▶ Exercise details
Among the records below, find the lines with the word "every" and copy them.

-- Material for this task follows --

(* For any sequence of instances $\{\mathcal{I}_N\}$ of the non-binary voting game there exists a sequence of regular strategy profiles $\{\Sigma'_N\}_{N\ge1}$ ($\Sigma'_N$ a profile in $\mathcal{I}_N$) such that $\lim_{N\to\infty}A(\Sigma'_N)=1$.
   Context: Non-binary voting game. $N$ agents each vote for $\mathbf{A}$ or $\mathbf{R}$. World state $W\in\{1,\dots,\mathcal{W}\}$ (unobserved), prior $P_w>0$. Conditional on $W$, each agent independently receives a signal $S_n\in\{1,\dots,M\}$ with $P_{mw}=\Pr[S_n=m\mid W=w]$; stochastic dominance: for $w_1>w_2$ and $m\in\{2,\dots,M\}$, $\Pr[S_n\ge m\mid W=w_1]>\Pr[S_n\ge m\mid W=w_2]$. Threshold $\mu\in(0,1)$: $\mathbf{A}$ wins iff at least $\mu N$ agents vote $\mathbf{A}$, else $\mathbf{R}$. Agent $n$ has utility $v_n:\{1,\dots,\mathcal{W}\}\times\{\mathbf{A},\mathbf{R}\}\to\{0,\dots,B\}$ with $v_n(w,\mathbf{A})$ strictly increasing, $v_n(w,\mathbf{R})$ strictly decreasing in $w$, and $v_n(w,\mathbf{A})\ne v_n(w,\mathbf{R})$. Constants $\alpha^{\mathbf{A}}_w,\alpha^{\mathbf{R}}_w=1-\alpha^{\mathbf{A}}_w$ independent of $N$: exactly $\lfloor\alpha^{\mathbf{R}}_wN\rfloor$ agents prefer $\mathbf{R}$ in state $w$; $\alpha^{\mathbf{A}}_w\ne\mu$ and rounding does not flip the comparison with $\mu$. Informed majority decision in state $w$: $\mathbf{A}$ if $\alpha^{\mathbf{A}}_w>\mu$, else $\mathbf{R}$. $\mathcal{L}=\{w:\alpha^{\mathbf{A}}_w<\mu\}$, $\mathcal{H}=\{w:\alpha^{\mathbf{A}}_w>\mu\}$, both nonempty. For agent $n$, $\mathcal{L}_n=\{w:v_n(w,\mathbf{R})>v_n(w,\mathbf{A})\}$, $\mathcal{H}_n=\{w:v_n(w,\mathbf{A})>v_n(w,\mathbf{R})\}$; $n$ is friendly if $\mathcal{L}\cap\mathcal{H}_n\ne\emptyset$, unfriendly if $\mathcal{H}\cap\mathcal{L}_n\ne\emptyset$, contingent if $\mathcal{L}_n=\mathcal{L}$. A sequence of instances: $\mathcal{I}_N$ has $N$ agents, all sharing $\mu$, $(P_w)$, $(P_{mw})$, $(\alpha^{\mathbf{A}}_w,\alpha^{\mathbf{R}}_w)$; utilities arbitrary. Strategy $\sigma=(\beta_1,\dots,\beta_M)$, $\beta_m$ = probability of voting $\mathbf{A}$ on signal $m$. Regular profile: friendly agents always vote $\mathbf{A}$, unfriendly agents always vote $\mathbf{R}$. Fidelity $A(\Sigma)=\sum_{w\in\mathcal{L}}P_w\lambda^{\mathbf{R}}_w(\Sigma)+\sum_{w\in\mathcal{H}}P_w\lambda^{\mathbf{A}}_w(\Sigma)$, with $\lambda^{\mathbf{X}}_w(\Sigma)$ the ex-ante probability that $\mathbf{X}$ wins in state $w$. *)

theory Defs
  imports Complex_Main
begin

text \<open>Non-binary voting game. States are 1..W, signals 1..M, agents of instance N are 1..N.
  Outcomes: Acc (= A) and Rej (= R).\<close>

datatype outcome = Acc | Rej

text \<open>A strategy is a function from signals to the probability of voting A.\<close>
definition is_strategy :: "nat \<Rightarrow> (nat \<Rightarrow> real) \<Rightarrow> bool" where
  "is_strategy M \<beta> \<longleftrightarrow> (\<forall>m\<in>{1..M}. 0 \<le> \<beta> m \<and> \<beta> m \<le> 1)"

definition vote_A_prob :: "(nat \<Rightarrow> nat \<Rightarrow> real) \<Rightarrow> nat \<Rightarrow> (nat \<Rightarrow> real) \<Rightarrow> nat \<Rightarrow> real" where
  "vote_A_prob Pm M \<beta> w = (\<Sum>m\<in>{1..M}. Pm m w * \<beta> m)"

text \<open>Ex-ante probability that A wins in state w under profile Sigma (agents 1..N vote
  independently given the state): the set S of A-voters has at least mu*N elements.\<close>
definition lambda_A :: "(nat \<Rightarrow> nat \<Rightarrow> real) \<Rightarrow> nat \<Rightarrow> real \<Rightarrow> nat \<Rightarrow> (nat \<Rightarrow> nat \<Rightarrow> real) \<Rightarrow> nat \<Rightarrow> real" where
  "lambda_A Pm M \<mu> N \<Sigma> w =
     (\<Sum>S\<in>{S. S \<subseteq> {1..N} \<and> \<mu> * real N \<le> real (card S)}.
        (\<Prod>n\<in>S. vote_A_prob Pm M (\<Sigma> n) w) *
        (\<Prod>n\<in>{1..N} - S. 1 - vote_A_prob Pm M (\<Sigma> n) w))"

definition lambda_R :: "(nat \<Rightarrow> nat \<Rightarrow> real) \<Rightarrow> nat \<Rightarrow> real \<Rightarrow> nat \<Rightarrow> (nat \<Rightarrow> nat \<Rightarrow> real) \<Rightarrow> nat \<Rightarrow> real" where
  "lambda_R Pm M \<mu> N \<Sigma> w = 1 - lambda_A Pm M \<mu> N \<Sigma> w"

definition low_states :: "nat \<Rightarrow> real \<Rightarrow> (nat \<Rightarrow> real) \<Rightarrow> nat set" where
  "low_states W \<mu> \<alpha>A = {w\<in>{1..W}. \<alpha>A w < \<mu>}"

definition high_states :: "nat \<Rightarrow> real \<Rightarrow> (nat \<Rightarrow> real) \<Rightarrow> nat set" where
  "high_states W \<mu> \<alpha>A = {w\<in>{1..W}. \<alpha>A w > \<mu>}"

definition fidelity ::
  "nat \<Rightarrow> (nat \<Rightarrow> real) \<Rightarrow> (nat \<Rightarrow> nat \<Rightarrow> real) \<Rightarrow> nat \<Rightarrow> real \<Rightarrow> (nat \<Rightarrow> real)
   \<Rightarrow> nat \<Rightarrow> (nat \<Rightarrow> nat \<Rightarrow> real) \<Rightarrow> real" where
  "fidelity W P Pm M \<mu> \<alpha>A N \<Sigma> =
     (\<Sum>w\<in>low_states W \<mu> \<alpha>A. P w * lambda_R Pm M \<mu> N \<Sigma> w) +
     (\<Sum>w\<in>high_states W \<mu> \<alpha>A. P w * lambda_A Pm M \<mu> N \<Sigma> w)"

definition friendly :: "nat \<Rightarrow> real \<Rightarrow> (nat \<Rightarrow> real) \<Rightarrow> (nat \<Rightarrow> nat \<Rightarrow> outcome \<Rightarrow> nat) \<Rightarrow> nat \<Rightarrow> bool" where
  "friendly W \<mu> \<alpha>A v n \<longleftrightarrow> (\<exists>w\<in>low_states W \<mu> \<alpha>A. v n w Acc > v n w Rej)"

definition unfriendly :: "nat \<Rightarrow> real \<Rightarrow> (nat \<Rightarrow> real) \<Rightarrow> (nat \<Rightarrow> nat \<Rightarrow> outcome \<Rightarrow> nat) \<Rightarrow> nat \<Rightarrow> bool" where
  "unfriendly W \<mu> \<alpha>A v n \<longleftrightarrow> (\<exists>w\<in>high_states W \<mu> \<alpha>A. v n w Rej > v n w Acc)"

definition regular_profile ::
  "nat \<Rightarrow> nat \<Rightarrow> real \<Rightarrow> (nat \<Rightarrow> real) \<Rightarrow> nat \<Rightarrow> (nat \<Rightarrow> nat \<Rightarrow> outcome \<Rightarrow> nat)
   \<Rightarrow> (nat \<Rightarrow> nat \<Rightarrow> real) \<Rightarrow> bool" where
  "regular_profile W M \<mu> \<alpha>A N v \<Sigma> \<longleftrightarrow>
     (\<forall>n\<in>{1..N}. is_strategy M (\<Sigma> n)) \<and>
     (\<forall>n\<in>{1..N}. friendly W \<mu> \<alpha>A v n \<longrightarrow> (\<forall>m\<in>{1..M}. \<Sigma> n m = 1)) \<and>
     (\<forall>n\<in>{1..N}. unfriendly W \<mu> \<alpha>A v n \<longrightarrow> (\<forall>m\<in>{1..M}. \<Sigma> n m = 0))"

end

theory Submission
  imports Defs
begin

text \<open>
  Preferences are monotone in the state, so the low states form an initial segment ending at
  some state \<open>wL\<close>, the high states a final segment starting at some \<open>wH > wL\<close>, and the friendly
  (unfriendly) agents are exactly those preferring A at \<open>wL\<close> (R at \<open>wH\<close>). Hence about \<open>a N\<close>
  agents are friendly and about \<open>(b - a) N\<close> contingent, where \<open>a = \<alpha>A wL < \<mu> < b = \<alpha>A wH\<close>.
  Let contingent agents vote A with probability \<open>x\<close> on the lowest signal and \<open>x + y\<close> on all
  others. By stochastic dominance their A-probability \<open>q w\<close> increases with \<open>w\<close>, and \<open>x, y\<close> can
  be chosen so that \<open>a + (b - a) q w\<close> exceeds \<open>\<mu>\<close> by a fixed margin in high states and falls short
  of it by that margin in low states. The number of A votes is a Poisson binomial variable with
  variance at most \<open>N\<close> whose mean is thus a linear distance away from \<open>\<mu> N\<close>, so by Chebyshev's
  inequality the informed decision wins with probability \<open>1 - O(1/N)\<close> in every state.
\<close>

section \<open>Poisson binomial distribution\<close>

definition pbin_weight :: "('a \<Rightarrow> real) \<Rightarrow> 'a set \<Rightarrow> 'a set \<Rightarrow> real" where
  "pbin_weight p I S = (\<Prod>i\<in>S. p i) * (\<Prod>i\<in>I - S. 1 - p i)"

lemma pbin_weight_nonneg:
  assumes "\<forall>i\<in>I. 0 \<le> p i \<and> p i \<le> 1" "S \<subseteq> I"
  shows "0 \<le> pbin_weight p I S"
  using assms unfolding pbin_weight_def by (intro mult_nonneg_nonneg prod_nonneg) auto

-- Material for this task concluded --
-- Material for this task follows --

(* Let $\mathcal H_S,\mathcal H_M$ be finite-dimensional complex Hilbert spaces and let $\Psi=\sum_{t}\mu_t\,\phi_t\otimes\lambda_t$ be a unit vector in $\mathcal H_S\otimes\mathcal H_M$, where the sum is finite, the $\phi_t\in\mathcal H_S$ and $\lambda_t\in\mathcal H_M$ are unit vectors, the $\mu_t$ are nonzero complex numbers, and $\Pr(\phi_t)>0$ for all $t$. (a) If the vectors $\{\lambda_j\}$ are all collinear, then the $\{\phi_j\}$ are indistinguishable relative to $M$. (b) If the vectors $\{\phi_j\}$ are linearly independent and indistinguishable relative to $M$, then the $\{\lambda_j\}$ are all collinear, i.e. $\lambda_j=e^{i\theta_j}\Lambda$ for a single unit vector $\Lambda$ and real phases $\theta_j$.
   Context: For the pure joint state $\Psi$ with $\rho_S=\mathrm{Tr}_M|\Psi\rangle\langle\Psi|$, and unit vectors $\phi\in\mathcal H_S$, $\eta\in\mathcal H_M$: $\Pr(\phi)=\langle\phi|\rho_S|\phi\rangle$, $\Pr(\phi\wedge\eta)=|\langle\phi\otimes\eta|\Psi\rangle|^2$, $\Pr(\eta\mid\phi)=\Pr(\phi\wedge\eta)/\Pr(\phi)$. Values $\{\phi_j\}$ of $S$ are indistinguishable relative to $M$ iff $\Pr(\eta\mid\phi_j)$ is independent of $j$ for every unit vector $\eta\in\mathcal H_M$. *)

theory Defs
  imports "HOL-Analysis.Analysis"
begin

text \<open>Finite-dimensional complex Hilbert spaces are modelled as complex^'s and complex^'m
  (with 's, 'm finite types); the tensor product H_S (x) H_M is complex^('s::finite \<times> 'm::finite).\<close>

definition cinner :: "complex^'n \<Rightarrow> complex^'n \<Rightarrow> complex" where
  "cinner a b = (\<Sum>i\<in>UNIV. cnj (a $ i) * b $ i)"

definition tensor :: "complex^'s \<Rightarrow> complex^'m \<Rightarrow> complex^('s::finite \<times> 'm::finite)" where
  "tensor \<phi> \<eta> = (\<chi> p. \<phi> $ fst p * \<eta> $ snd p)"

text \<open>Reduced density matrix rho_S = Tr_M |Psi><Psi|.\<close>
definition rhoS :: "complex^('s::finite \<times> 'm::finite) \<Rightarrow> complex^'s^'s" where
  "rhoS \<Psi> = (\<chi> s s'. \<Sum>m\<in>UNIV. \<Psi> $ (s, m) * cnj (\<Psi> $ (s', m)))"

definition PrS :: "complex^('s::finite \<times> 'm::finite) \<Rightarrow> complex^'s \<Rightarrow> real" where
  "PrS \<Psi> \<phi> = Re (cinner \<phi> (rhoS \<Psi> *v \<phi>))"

-- Material for this task concluded --
-- Material for this task follows --

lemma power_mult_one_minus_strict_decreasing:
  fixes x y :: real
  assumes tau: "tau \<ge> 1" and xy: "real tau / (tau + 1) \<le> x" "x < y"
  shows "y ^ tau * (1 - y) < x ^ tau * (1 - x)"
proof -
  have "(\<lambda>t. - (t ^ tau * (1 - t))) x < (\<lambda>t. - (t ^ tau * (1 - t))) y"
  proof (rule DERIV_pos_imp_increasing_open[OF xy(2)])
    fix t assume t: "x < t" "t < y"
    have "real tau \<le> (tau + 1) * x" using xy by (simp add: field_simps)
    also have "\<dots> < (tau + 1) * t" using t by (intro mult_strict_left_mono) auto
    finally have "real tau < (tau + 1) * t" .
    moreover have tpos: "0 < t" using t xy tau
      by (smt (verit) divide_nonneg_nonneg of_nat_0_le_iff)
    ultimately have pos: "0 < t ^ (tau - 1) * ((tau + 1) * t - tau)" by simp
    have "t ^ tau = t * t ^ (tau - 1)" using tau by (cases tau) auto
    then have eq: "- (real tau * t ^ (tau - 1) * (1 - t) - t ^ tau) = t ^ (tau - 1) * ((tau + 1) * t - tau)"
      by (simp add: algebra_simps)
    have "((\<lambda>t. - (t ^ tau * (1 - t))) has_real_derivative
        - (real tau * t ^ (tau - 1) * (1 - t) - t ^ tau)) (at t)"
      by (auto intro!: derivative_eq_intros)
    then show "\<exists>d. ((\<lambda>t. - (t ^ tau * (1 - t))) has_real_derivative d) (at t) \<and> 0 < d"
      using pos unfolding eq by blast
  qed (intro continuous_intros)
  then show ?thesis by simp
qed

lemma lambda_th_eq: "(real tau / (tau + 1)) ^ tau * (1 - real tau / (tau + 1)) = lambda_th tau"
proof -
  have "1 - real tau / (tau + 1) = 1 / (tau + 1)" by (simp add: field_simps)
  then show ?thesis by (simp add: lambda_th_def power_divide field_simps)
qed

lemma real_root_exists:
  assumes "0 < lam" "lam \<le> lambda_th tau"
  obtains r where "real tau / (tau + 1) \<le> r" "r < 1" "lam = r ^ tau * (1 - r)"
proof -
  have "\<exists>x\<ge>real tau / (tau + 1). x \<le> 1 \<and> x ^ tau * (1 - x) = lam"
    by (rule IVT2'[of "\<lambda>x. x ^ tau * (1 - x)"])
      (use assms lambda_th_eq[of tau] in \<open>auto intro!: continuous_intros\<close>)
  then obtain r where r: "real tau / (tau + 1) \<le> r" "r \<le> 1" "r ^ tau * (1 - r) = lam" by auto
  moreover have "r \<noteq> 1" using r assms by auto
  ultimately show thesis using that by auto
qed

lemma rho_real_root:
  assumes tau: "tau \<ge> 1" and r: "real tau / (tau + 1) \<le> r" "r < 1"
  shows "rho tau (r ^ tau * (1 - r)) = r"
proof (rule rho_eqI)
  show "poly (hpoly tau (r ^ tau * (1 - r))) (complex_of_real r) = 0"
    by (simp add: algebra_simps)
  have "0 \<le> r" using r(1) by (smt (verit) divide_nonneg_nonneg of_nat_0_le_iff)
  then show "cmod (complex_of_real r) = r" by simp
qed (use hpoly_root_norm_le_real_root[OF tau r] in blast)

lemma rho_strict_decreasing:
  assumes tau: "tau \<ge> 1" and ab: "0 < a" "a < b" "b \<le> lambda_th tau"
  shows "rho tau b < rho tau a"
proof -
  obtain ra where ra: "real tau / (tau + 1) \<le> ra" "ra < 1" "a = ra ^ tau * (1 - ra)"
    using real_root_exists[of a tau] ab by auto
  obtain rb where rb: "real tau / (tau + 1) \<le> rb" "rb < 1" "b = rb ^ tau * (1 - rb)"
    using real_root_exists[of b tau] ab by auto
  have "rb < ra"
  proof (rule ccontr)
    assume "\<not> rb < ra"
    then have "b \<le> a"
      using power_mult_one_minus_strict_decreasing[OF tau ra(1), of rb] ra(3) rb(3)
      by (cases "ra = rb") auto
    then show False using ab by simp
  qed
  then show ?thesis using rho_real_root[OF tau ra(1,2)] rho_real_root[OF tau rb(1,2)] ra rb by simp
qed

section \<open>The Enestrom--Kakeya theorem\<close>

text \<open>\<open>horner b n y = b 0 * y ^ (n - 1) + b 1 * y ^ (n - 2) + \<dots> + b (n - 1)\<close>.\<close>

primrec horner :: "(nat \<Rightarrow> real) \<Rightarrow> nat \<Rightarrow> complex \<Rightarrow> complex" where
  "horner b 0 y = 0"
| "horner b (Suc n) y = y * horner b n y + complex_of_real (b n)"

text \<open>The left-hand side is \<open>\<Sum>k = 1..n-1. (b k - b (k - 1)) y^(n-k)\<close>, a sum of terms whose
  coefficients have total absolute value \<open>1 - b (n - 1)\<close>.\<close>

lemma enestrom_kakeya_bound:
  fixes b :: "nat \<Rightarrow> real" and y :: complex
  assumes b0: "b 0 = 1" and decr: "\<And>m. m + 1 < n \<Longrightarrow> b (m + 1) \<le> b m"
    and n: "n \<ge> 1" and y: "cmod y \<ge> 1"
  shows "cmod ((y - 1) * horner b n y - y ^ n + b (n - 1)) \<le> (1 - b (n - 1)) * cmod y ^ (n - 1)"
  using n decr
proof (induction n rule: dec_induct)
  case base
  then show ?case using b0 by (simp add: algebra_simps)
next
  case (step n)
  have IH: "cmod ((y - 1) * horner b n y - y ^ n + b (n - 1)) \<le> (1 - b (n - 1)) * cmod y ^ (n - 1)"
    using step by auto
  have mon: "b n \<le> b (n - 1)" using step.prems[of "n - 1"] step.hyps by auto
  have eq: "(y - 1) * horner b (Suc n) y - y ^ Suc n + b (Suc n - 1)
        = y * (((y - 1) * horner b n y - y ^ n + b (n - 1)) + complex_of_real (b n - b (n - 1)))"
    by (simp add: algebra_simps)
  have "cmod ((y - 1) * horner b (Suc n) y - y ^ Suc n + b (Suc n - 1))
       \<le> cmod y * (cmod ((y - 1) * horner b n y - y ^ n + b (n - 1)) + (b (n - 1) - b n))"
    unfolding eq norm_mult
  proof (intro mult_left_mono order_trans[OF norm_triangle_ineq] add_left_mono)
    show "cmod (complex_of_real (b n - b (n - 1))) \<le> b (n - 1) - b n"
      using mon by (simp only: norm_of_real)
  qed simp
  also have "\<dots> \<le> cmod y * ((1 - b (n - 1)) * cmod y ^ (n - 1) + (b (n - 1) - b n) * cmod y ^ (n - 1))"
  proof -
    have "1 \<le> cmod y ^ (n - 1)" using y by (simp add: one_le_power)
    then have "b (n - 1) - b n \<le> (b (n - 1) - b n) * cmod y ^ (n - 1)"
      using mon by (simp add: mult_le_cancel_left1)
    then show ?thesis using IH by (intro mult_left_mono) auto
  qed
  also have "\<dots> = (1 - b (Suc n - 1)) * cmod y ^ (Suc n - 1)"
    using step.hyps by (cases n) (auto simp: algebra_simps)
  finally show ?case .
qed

-- Material for this task concluded --

▶ Solution for this problem
  inequality the informed decision wins with probability \<open>1 - O(1/N)\<close> in every state.
   Context: For the pure joint state $\Psi$ with $\rho_S=\mathrm{Tr}_M|\Psi\rangle\langle\Psi|$, and unit vectors $\phi\in\mathcal H_S$, $\eta\in\mathcal H_M$: $\Pr(\phi)=\langle\phi|\rho_S|\phi\rangle$, $\Pr(\phi\wedge\eta)=|\langle\phi\otimes\eta|\Psi\rangle|^2$, $\Pr(\eta\mid\phi)=\Pr(\phi\wedge\eta)/\Pr(\phi)$. Values $\{\phi_j\}$ of $S$ are indistinguishable relative to $M$ iff $\Pr(\eta\mid\phi_j)$ is independent of $j$ for every unit vector $\eta\in\mathcal H_M$. *)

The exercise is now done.